Professor David Cutts is a Professor of Political Science at the University of Birmingham’s Department of Political Science and International Studies.
As Jo Swinson took to the stage in a TV studio in Sheffield for the leaders’ Question Time event, she probably knew that her party faced the all too familiar electoral challenges that had bedevilled her predecessors for decades. The phoney war of the unofficial campaign had seen thousands of Focus/In Touch newsletters, with their countless constituency surveys, all adorned with the face of the new leader and the occasional mystifying bar chart showing that “only the Lib Dems can win here”.
Swinson began the campaign with the bold claim she was setting out to become the prime minister. Yet, no more than a few weeks later, a much more defensive (and familiar) strategy has emerged. The third party in a system designed to cope with two, always seems to be defined in relation to the others, picking up contingent votes of defectors from one party, and tactical converts from another. This should hardly surprise Liberal Democrats but yet again the party seems to have been caught on the hop.
The manifesto, launched in a London nightclub, encapsulated the challenges the Liberal Democrats face in carving out a distinctive space for themselves in the political arena. The drive for popular and distinctive policies too often appears secondary to the challenge of actually proving the party’s relevance to the general public.

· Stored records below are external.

lemma divdiff_nonneg:
  fixes D :: "nat \<Rightarrow> real \<Rightarrow> real" and y :: "nat \<Rightarrow> real"
  assumes D0: "\<And>t. t \<in> {a..b} \<Longrightarrow> D 0 t = f t"
    and Dderiv: "\<And>m t. m < k \<Longrightarrow> t \<in> {a..b} \<Longrightarrow>
        (D m has_real_derivative D (Suc m) t) (at t within {a..b})"
    and Dk_nonneg: "\<And>t. t \<in> {a..b} \<Longrightarrow> D k t \<ge> 0"
    and ydesc: "\<And>i j. i < j \<Longrightarrow> j \<le> k \<Longrightarrow> y j < y i"
    and yin: "\<And>i. i \<le> k \<Longrightarrow> y i \<in> {a..b}"
  shows "divdiff f y k \<ge> 0"
proof -
  have "\<exists>\<xi>\<in>{a..b}. D k \<xi> = fact k * divdiff f y k"
    by (rule divdiff_mean_value[OF D0 Dderiv ydesc yin])
  then obtain \<xi> where "\<xi> \<in> {a..b}" "D k \<xi> = fact k * divdiff f y k" by blast
  then have "fact k * divdiff f y k \<ge> 0" using Dk_nonneg[of \<xi>] by simp
  moreover have "(0::real) < fact k" by simp
  ultimately show ?thesis by (simp add: zero_le_mult_iff)
qed

lemma divdiff_poly_low_degree:
  fixes y :: "nat \<Rightarrow> real" and p :: "real poly"
  assumes ydesc: "\<And>i j. i < j \<Longrightarrow> j \<le> k \<Longrightarrow> y j < y i"
    and deg: "degree p < k"
  shows "divdiff (poly p) y k = 0"
proof -
  have ybounds: "y k \<le> y i \<and> y i \<le> y 0" if "i \<le> k" for i
  proof -
    have "y k \<le> y i" using ydesc[of i k] that by (cases "i < k") auto
    moreover have "y i \<le> y 0" using ydesc[of 0 i] that by (cases "0 < i") auto
    ultimately show ?thesis ..
  qed
  have pderiv_chain: "(poly ((pderiv ^^ m) p) has_real_derivative poly ((pderiv ^^ Suc m) p) t)
      (at t within {y k..y 0})" for m t
    by (simp add: has_field_derivative_at_within poly_DERIV)
  have "\<exists>\<xi>\<in>{y k..y 0}. poly ((pderiv ^^ k) p) \<xi> = fact k * divdiff (poly p) y k"
    by (rule divdiff_mean_value[where D="\<lambda>m. poly ((pderiv ^^ m) p)" and f="poly p"])
      (auto intro: pderiv_chain ydesc simp: ybounds simp del: funpow.simps)
  then obtain \<xi> where "poly ((pderiv ^^ k) p) \<xi> = fact k * divdiff (poly p) y k" by blast
  moreover have "(pderiv ^^ k) p = 0"
    using higher_pderiv_degree_le[of p k] deg by (simp add: coeff_eq_0)
  ultimately show ?thesis by simp
qed

lemma moments_annihilate_poly:
  fixes x w :: "nat \<Rightarrow> real" and p :: "real poly"
  assumes moments: "\<And>j. j < k \<Longrightarrow> (\<Sum>i\<in>A. w i * x i ^ j) = 0" and deg: "degree p < k"
  shows "(\<Sum>i\<in>A. w i * poly p (x i)) = 0"
proof -
  have "(\<Sum>i\<in>A. w i * poly p (x i)) = (\<Sum>i\<in>A. \<Sum>j\<le>degree p. coeff p j * (w i * x i ^ j))"
    unfolding poly_altdef by (simp add: sum_distrib_left mult.left_commute)
  also have "\<dots> = (\<Sum>j\<le>degree p. coeff p j * (\<Sum>i\<in>A. w i * x i ^ j))"
    by (subst sum.swap) (simp add: sum_distrib_left)
  also have "\<dots> = 0" using moments deg by simp
  finally show ?thesis .
qed

(* With at most k distinct nodes, vanishing moments of order < k force zero weights:
   test against the polynomial vanishing at all nodes except i. *)
lemma moments_few_nodes_weights_vanish:
  fixes x w :: "nat \<Rightarrow> real"
  assumes A: "finite A" "card A \<le> k" and inj: "inj_on x A"
    and moments: "\<And>j. j < k \<Longrightarrow> (\<Sum>i\<in>A. w i * x i ^ j) = 0"
    and i: "i \<in> A"
  shows "w i = 0"
proof -
  define p where "p = (\<Prod>l\<in>A-{i}. [:- x l, 1:])"
  have poly_p: "poly p t = (\<Prod>l\<in>A-{i}. t - x l)" for t
    unfolding p_def poly_prod by simp
  have "degree p = card A - 1"
    unfolding p_def using A i by (subst degree_prod_eq_sum_degree) auto
  then have "degree p < k" using A i card_gt_0_iff[of A] by auto
  then have "0 = (\<Sum>m\<in>A. w m * poly p (x m))"
    using moments_annihilate_poly[OF moments] by simp
  also have "\<dots> = w i * poly p (x i) + (\<Sum>m\<in>A-{i}. w m * poly p (x m))"
    using A i by (simp add: sum.remove)
  also have "(\<Sum>m\<in>A-{i}. w m * poly p (x m)) = 0"
    using A by (intro sum.neutral) (auto simp: poly_p intro!: prod_zero)
  finally have "w i * (\<Prod>l\<in>A-{i}. x i - x l) = 0" by (simp add: poly_p)
  moreover have "(\<Prod>l\<in>A-{i}. x i - x l) \<noteq> 0"
    using A inj i by (auto simp: inj_on_def)
  ultimately show ?thesis by simp
qed

(* Peeling the first node: c = peel_mass is the multiple of divdiff(-, x_1..x_{k+1}) whose
   weight at x_1 equals w_1, and peel_weights are the remaining weights, indexed so that
   peel_weights i sits at the node x_(i+1). *)
definition peel_mass :: "(nat \<Rightarrow> real) \<Rightarrow> (nat \<Rightarrow> real) \<Rightarrow> nat \<Rightarrow> real" where
  "peel_mass x w k = w 1 * node_prod (\<lambda>r. x (Suc r)) k 0"

definition peel_weights :: "(nat \<Rightarrow> real) \<Rightarrow> (nat \<Rightarrow> real) \<Rightarrow> nat \<Rightarrow> nat \<Rightarrow> real" where
  "peel_weights x w k i =
     w (Suc i) - (if i \<le> k then peel_mass x w k / node_prod (\<lambda>r. x (Suc r)) k i else 0)"

lemma peel_identity:
  fixes x w :: "nat \<Rightarrow> real" and g :: "real \<Rightarrow> real"
  assumes kN: "k \<le> N" and nz: "node_prod (\<lambda>r. x (Suc r)) k 0 \<noteq> 0"
  shows "(\<Sum>i=1..Suc N. w i * g (x i)) =
    (\<Sum>i=1..N. peel_weights x w k i * g (x (Suc i))) + peel_mass x w k * divdiff g (\<lambda>r. x (Suc r)) k"
proof -
  define y where "y = (\<lambda>r. x (Suc r))"
  define e where "e r = (if r \<le> k then peel_mass x w k / node_prod y k r else 0)" for r
  have e0: "e 0 = w 1" using nz by (simp add: e_def peel_mass_def y_def)
  have "peel_mass x w k * divdiff g y k = (\<Sum>r=0..k. e r * g (y r))"
    unfolding divdiff_def e_def sum_distrib_left by simp
  also have "\<dots> = (\<Sum>r=0..N. e r * g (y r))"
    using kN by (intro sum.mono_neutral_left) (auto simp: e_def)
  also have "\<dots> = w 1 * g (x 1) + (\<Sum>r=1..N. e r * g (y r))"
    by (simp add: sum.atLeast_Suc_atMost e0 y_def)
  finally have mass: "peel_mass x w k * divdiff g y k = w 1 * g (x 1) + (\<Sum>r=1..N. e r * g (y r))" .
  have "(\<Sum>i=1..Suc N. w i * g (x i)) = w 1 * g (x 1) + (\<Sum>i=Suc 1..Suc N. w i * g (x i))"
    by (rule sum.atLeast_Suc_atMost) simp
  also have "(\<Sum>i=Suc 1..Suc N. w i * g (x i)) = (\<Sum>r=1..N. w (Suc r) * g (y r))"
    unfolding sum.shift_bounds_cl_Suc_ivl y_def ..
  also have "(\<Sum>r=1..N. w (Suc r) * g (y r)) =
      (\<Sum>r=1..N. peel_weights x w k r * g (y r)) + (\<Sum>r=1..N. e r * g (y r))"
    unfolding peel_weights_def e_def y_def by (simp add: sum.distrib[symmetric] algebra_simps)
  finally show ?thesis using mass by (simp add: y_def)
qed

(* The denominator at the first node, split as in the partial-sum condition for j = 1. *)
lemma node_prod_first:
  fixes x :: "nat \<Rightarrow> real"
  assumes "k \<ge> 1"
  shows "node_prod (\<lambda>r. x (Suc r)) k 0 = (\<Prod>m=1..k-1. x 1 - x (1 + m)) * (x 1 - x (k + 1))"
proof -
  have "{0..k} - {0} = insert k {1..k-1}" using assms by auto
  then show ?thesis using assms unfolding node_prod_def by (simp add: mult.commute)
qed

lemma later_node_factor_vanishes:
  fixes x :: "nat \<Rightarrow> real"
  assumes "j < i" "i < j + k"
  shows "(\<Prod>m=1..k-1. x i - x (j + m)) = 0"
proof (rule prod_zero)
  show "\<exists>m\<in>{1..k-1}. x i - x (j + m) = 0" using assms by (intro bexI[of _ "i - j"]) auto
qed simp

lemma shifted_nodes:
  fixes x :: "nat \<Rightarrow> real"
  assumes kn: "k \<le> n"
    and decr: "\<And>i j. 1 \<le> i \<Longrightarrow> i < j \<Longrightarrow> j \<le> Suc n \<Longrightarrow> x j < x i"
  shows "\<And>r s. r < s \<Longrightarrow> s \<le> k \<Longrightarrow> x (Suc s) < x (Suc r)"
    and "node_prod (\<lambda>r. x (Suc r)) k 0 \<noteq> 0"
proof -
  show desc: "\<And>r s. r < s \<Longrightarrow> s \<le> k \<Longrightarrow> x (Suc s) < x (Suc r)" using decr kn by auto
  have "inj_on (\<lambda>r. x (Suc r)) {0..k}" by (rule descending_inj_on) (use desc in auto)
  then show "node_prod (\<lambda>r. x (Suc r)) k 0 \<noteq> 0" by (simp add: node_prod_nonzero)
qed

(* The peeled weights inherit vanishing moments, since divdiff kills t^j for j < k. *)
lemma peel_moments:
  fixes x w :: "nat \<Rightarrow> real"
  assumes kn: "k \<le> n"
    and decr: "\<And>i j. 1 \<le> i \<Longrightarrow> i < j \<Longrightarrow> j \<le> Suc n \<Longrightarrow> x j < x i"
    and moments: "\<And>j. j < k \<Longrightarrow> (\<Sum>i=1..Suc n. w i * x i ^ j) = 0"
    and j: "j < k"
  shows "(\<Sum>i=1..n. peel_weights x w k i * x (Suc i) ^ j) = 0"
proof -
  note ydesc = shifted_nodes(1)[where x=x, OF kn decr]
    and nz = shifted_nodes(2)[where x=x, OF kn decr]
  have power: "(\<lambda>t::real. t ^ j) = poly (monom 1 j)" by (simp add: fun_eq_iff poly_monom)
  have "degree (monom (1::real) j) < k" using j degree_monom_le[of "1::real" j] by linarith
  with ydesc have "divdiff (poly (monom 1 j)) (\<lambda>r. x (Suc r)) k = 0"
    by (intro divdiff_poly_low_degree)
  then have "divdiff (\<lambda>t. t ^ j) (\<lambda>r. x (Suc r)) k = 0" by (simp only: power)
  then show ?thesis
    using peel_identity[OF kn nz, where w=w and g="\<lambda>t. t ^ j"] moments[OF j] by simp
qed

Essentially, the Lib Dems gambled that the 2019 election was about – and only about – the UK’s exit from the EU. The policy package in the manifesto seems secondary to the party’s pledge to “Stop Brexit”. The clear hope was that by designing a raft of policies around this single issue, the party could capitalise on significant remainer support.
The signs from the 2019 local and European elections were promising. Nevertheless, this general election campaign – like most before it – has failed to follow the preordained script and the Liberal Democrats have found it hard to cut through to the 48%.
In the Brexit election that might or might not be, even fervent remainers may decide to cast their vote on other issues, or for other parties that might stand a better chance of winning in their local constituency.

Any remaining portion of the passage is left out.